Keywords: Boosting, Conditional Mixture Models(linear regression, logistic regression), EM Algorithm
This is the Chapter14 ReadingNotes from book Bishop-Pattern-Recognition-and-Machine-Learning-2006.
Bayesian Model Averaging
Difference between Bayesian Model Averaging and Model Combination Methods.
- in Bayesian model averaging, the whole data set is generated by a single model(e.g. this single model is a mixture of Gaussians).
$$
p(X) = \sum_{h=1}^H p(\pmb{X} | h) p(h)
\tag{14.6}
$$
The interpretation of this summation over $h$ is that just one model is responsible for generating the whole data set, and the probability distribution over $h$ simply reflects our uncertainty as to which model that is.
As the size of the data set increases, this uncertainty reduces, and the posterior probabilities $p(h|\pmb{X})$ become increasingly focussed on just one of the models.
- Model Combination methods, e.g. mixture of Gaussians
$$
p(\pmb{x}) = \sum_{k=1}^K \pi_k N(\pmb{x} | \pmb{\mu_k}, \Sigma_k)
$$
$$
p(\pmb{X}) = \prod_{n=1}^N p(\pmb{x_n}) = \prod_{n=1}^N [\sum_{z_n} p(\pmb{x_n}, \pmb{z_n})]
\tag{14.5}
$$
The model contains a binary latent variable $\pmb{z}$ that indicates which component of the mixture is responsible for generating the corresponding data point.
Committees
For instance, we might train $L$ different models and then make predictions using the average of the predictions made by each model. Such combinations of models are sometimes called committees.
Why we need committees?
Recall the 👉Bias-Variance Decomposition >> in Section 3.
Such a procedure can be motivated from a frequentist perspective by considering the trade-off between bias and variance, which decomposes the error due to a model into the bias component that arises from differences between the model and the true function to be predicted, and the variance component that represents the sensitivity of the model to the individual data points.
when we trained multiple polynomials using the sinusoidal data, and then averaged the resulting functions, the contribution arising from the variance term tended to cancel, leading to improved predictions.
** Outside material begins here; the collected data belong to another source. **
theorem lemma1:
  fixes \<Omega> :: "'w set"
    and nI ny nx m1 m2 :: nat
    and A :: "nat \<Rightarrow> nat \<Rightarrow> real" and b :: "nat \<Rightarrow> real"
    and D :: "nat \<Rightarrow> nat \<Rightarrow> real"
    and B :: "'w \<Rightarrow> nat \<Rightarrow> nat \<Rightarrow> real" and d :: "'w \<Rightarrow> nat \<Rightarrow> real"
    and p :: "'w \<Rightarrow> real" and c :: "'w \<Rightarrow> nat \<Rightarrow> real"
    and f :: "nat \<Rightarrow> real \<Rightarrow> real"
    and bp :: "nat \<Rightarrow> nat \<Rightarrow> real" and k :: "nat \<Rightarrow> nat"
    and ys :: "nat \<Rightarrow> real" and xs :: "'w \<Rightarrow> nat \<Rightarrow> real"
  assumes fin: "finite \<Omega>"
    and nI: "nI \<le> ny"
    and nonempty: "feasX nI ny nx \<Omega> m1 A b m2 D B d \<noteq> {}"
    and bounded: "\<exists>M. \<forall>(y, x) \<in> feasX nI ny nx \<Omega> m1 A b m2 D B d.
                     (\<forall>i<ny. \<bar>y i\<bar> \<le> M) \<and> (\<forall>w\<in>\<Omega>. \<forall>j<nx. \<bar>x w j\<bar> \<le> M)"
    and concave: "\<forall>i<ny. concave_on UNIV (f i)"
    and lsc: "\<forall>i<ny. lsc (f i)"
    and k2: "\<forall>i<ny. 2 \<le> k i"
    and bp_mono: "\<forall>i<ny. \<forall>j. j + 1 < k i \<longrightarrow> bp i j < bp i (j + 1)"
    and bp_range: "\<forall>(y, x) \<in> feasX nI ny nx \<Omega> m1 A b m2 D B d.
                     \<forall>i<ny. bp i 0 \<le> y i \<and> y i \<le> bp i (k i - 1)"
    and opt_mem: "(ys, xs) \<in> feasX nI ny nx \<Omega> m1 A b m2 D B d"
    and opt: "\<forall>z \<in> feasX nI ny nx \<Omega> m1 A b m2 D B d.
                sp_obj ny nx \<Omega> f bp k p c (ys, xs) \<le> sp_obj ny nx \<Omega> f bp k p c z"
  shows "\<exists>z. extreme_pt z {(y, x) \<in> feasX nI ny nx \<Omega> m1 A b m2 D B d. \<forall>i<nI. y i = ys i}
            \<and> (\<forall>z' \<in> feasX nI ny nx \<Omega> m1 A b m2 D B d.
                  sp_obj ny nx \<Omega> f bp k p c z \<le> sp_obj ny nx \<Omega> f bp k p c z')"
proof -
  define X where "X = feasX nI ny nx \<Omega> m1 A b m2 D B d"
  define S where "S = {(y, x) \<in> X. \<forall>i<nI. y i = ys i}"
  define g where "g = sp_obj ny nx \<Omega> f bp k p c"
  define M where "M = {z \<in> S. g z = g (ys, xs)}"
  interpret standard_form_polytope S "coordset ny nx \<Omega>" coord
    unfolding S_def X_def using fin bounded by (rule standard_form_polytope_fixed_integers)
  have g_min: "g (ys, xs) \<le> g z" if "z \<in> S" for z
    using opt that by (auto simp: S_def X_def g_def)
  have in_range: "\<forall>i<ny. fst z i \<in> {bp i 0..bp i (k i - 1)}" if "z \<in> S" for z
    using bp_range that by (cases z) (auto simp: S_def X_def)
  have g_concave: "t * g u + (1 - t) * g v \<le> g (comb t u v)"
    if "u \<in> S" "v \<in> S" "0 \<le> t" "t \<le> 1" for u v t
    unfolding g_def by (intro sp_obj_concave[OF concave k2 bp_mono in_range in_range]) (use that in auto)
  have face: "u \<in> M \<and> v \<in> M" if "u \<in> S" "v \<in> S" "0 < t" "t < 1" "comb t u v \<in> M" for u v t
    using concave_argmin_face[OF g_concave g_min that(1-4)] that(1,2,5) by (simp add: M_def)
  have "(ys, xs) \<in> M"
    using opt_mem by (simp add: M_def S_def X_def)
  then have "\<exists>z\<in>M. extreme_pt z S"
    by (intro face_has_extreme_point[OF _ _ face]) (auto simp: M_def)
  then obtain z where z: "z \<in> M" "extreme_pt z S" ..
  show ?thesis
  proof (intro exI conjI)
    show "extreme_pt z {(y, x) \<in> feasX nI ny nx \<Omega> m1 A b m2 D B d. \<forall>i<nI. y i = ys i}"
      using z(2) by (simp add: S_def X_def)
    show "\<forall>z'\<in>feasX nI ny nx \<Omega> m1 A b m2 D B d. sp_obj ny nx \<Omega> f bp k p c z \<le> sp_obj ny nx \<Omega> f bp k p c z'"
      using z(1) opt by (simp add: M_def g_def)
  qed
qed

end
When we averaged a set of low-bias models (corresponding to higher order polynomials), we obtained accurate predictions for the underlying sinusoidal function from which the data were generated.
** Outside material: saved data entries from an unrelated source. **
text \<open>Associative (not necessarily unital) algebras over a commutative unital ring
  of scalars 'k are modelled as subsets of an ambient Phi-algebra 'a, where the
  ambient ring structure is the type class ring and the scalar action is sc.\<close>

definition phi_algebra :: "('k::comm_ring_1 \<Rightarrow> 'a::ring \<Rightarrow> 'a) \<Rightarrow> bool" where
  "phi_algebra sc \<longleftrightarrow> module sc \<and>
     (\<forall>c x y. sc c (x * y) = sc c x * y \<and> sc c (x * y) = x * sc c y)"

definition submod :: "('k::comm_ring_1 \<Rightarrow> 'a::ring \<Rightarrow> 'a) \<Rightarrow> 'a set \<Rightarrow> bool" where
  "submod sc S \<longleftrightarrow> 0 \<in> S \<and> (\<forall>x\<in>S. \<forall>y\<in>S. x + y \<in> S) \<and> (\<forall>x\<in>S. - x \<in> S)
     \<and> (\<forall>c. \<forall>x\<in>S. sc c x \<in> S)"

definition subalgebra :: "('k::comm_ring_1 \<Rightarrow> 'a::ring \<Rightarrow> 'a) \<Rightarrow> 'a set \<Rightarrow> bool" where
  "subalgebra sc S \<longleftrightarrow> submod sc S \<and> (\<forall>x\<in>S. \<forall>y\<in>S. x * y \<in> S)"

definition alg_ideal :: "('k::comm_ring_1 \<Rightarrow> 'a::ring \<Rightarrow> 'a) \<Rightarrow> 'a set \<Rightarrow> 'a set \<Rightarrow> bool" where
  "alg_ideal sc A I \<longleftrightarrow> I \<subseteq> A \<and> submod sc I \<and> (\<forall>a\<in>A. \<forall>x\<in>I. a * x \<in> I \<and> x * a \<in> I)"

definition left_ideal :: "('k::comm_ring_1 \<Rightarrow> 'a::ring \<Rightarrow> 'a) \<Rightarrow> 'a set \<Rightarrow> 'a set \<Rightarrow> bool" where
  "left_ideal sc A I \<longleftrightarrow> I \<subseteq> A \<and> submod sc I \<and> (\<forall>a\<in>A. \<forall>x\<in>I. a * x \<in> I)"

definition semiprime :: "('k::comm_ring_1 \<Rightarrow> 'a::ring \<Rightarrow> 'a) \<Rightarrow> 'a set \<Rightarrow> bool" where
  "semiprime sc A \<longleftrightarrow>
     (\<forall>I. alg_ideal sc A I \<and> (\<forall>x\<in>I. \<forall>y\<in>I. x * y = 0) \<longrightarrow> I = {0})"

definition dense_left_ideal :: "('k::comm_ring_1 \<Rightarrow> 'a::ring \<Rightarrow> 'a) \<Rightarrow> 'a set \<Rightarrow> 'a set \<Rightarrow> bool" where
  "dense_left_ideal sc A I \<longleftrightarrow> left_ideal sc A I \<and>
     (\<forall>p\<in>A. \<forall>q\<in>A. p \<noteq> 0 \<longrightarrow> (\<exists>a\<in>A. a * p \<noteq> 0 \<and> a * q \<in> I))"

text \<open>Qm is (a copy of) the maximal left quotient algebra of the semiprime algebra A,
  via Utumi's characterization.\<close>
definition is_Qlmax :: "('k::comm_ring_1 \<Rightarrow> 'a::ring \<Rightarrow> 'a) \<Rightarrow> 'a set \<Rightarrow> 'a set \<Rightarrow> bool" where
  "is_Qlmax sc A Qm \<longleftrightarrow> subalgebra sc Qm \<and> A \<subseteq> Qm \<and>
     (\<forall>q\<in>Qm. \<exists>I. dense_left_ideal sc A I \<and> (\<forall>x\<in>I. x * q \<in> A)) \<and>
     (\<forall>q\<in>Qm. \<forall>I. dense_left_ideal sc A I \<and> (\<forall>x\<in>I. x * q = 0) \<longrightarrow> q = 0) \<and>
     (\<forall>I f. dense_left_ideal sc A I \<and> (\<forall>x\<in>I. f x \<in> A)
        \<and> (\<forall>x\<in>I. \<forall>y\<in>I. f (x + y) = f x + f y)
        \<and> (\<forall>c. \<forall>x\<in>I. f (sc c x) = sc c (f x))
        \<and> (\<forall>a\<in>A. \<forall>x\<in>I. f (a * x) = a * f x)
        \<longrightarrow> (\<exists>q\<in>Qm. \<forall>x\<in>I. f x = x * q))"

definition lie_br :: "'a::ring \<Rightarrow> 'a \<Rightarrow> 'a" where
  "lie_br x y = x * y - y * x"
But this “average method” has been proven not good enough, in order to achieve more significant improvements, we turn to a more sophisticated technique for building committees, known as boosting.
Boosting
The principal difference between boosting and the committee methods such as bagging discussed above, is that the base classifiers are trained in sequence, and each base classifier is trained using a weighted form of the data set in which the weighting coefficient associated with each data point depends on the performance of the previous classifiers.
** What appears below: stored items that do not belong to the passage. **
(* Let $A\in P(n)$ and $B=A\circ\bar A$ (so $B_{ij}=|A_{ij}|^2$). Then: (1) there exists a vector $x\in\mathbb R^n$ with nonnegative entries, $\|x\|=1$, such that $\|A\circ xx^*\|_2=I(2,A)$; (2) for any such $x$, letting $J=\{i:x_i\neq0\}$ and $B_J$ the principal submatrix of $B$ indexed by $J$, $x$ is an eigenvector of $B\circ xx^*$ with eigenvalue $I(B_J)$.
   Context: $P(k)$ denotes positive semidefinite complex $k\times k$ matrices, $\circ$ the Hadamard product, $\bar A$ the entrywise complex conjugate, $\|\cdot\|_2$ the Frobenius norm. $I(2,A)=\min\{\|A\circ C\|_2: C\in P(n),\ \|C\|_2=1\}$. For $C\in P(k)$, with $P_k$ the all-ones $k\times k$ matrix, $I(C)=\max\{\lambda\ge0: C-\lambda P_k\ge0\}$. *)

theory Defs
  imports "HOL-Analysis.Analysis"
begin

definition hadamard :: "complex^'n^'n \<Rightarrow> complex^'n^'n \<Rightarrow> complex^'n^'n" where
  "hadamard A C = (\<chi> i j. A$i$j * C$i$j)"

definition conj_mat :: "complex^'n^'n \<Rightarrow> complex^'n^'n" where
  "conj_mat A = (\<chi> i j. cnj (A$i$j))"

definition psd_on :: "'n::finite set \<Rightarrow> complex^'n^'n \<Rightarrow> bool" where
  "psd_on J M \<longleftrightarrow> (\<forall>i\<in>J. \<forall>j\<in>J. M$j$i = cnj (M$i$j)) \<and>
     (\<forall>v::complex^'n. 0 \<le> Re (\<Sum>i\<in>J. \<Sum>j\<in>J. cnj (v$i) * M$i$j * v$j))"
In particular, points that are misclassified by one of the base classifiers are given greater weight when used to train the next classifier in the sequence. Once all the classifiers have been trained, their predictions are then combined through a weighted majority voting scheme, as illustrated schematically in Figure 14.1.
Minimizing exponential error
Friedman et al. (2000) gave a different and very simple interpretation of boosting in terms of the sequential minimization of an exponential error function.
Consider the exponential error function defined by
$$
E = \sum_{n=1}^N exp \lbrace -t_n f_m(\pmb{x_n})\rbrace
\tag{14.20}
$$
where
$$
f_m(\pmb{x}) = \frac{1}{2} \sum_{l=1}^m a_l y_l(\pmb{x})
\tag{14.21}
$$
Our goal is to minimize $E$ with respect to both the weighting coefficients $\alpha_l$ and the parameters of the base classifiers $y_l(\pmb{x})$.
we shall suppose that the base classifiers $y_1(x), \cdots , y_{m−1}(x)$ are fixed, as are their coefficients $\alpha_1, \cdots , \alpha_{m-1}$, and so we are minimizing only with respect to $\alpha_m$ and $y_m(x)$.
$$
\begin{aligned}
E &= \sum_{n=1}^N exp \lbrace -t_nf_{m-1}(\pmb{x_n}) - \frac{1}{2} t_n \alpha_m y_m(\pmb{x_n})\rbrace \\
&= \sum_{n=1}^N w_n^{m} exp \lbrace - \frac{1}{2} t_n \alpha_m y_m(\pmb{x_n})\rbrace
\end{aligned}
\tag{14.22}
$$
where
$$
w_n^{m} = exp \lbrace -t_nf_{m-1}(\pmb{x_n}) \rbrace
$$
can be viewed as constants because we are optimizing only $\alpha_m$ and $y_m(x)$.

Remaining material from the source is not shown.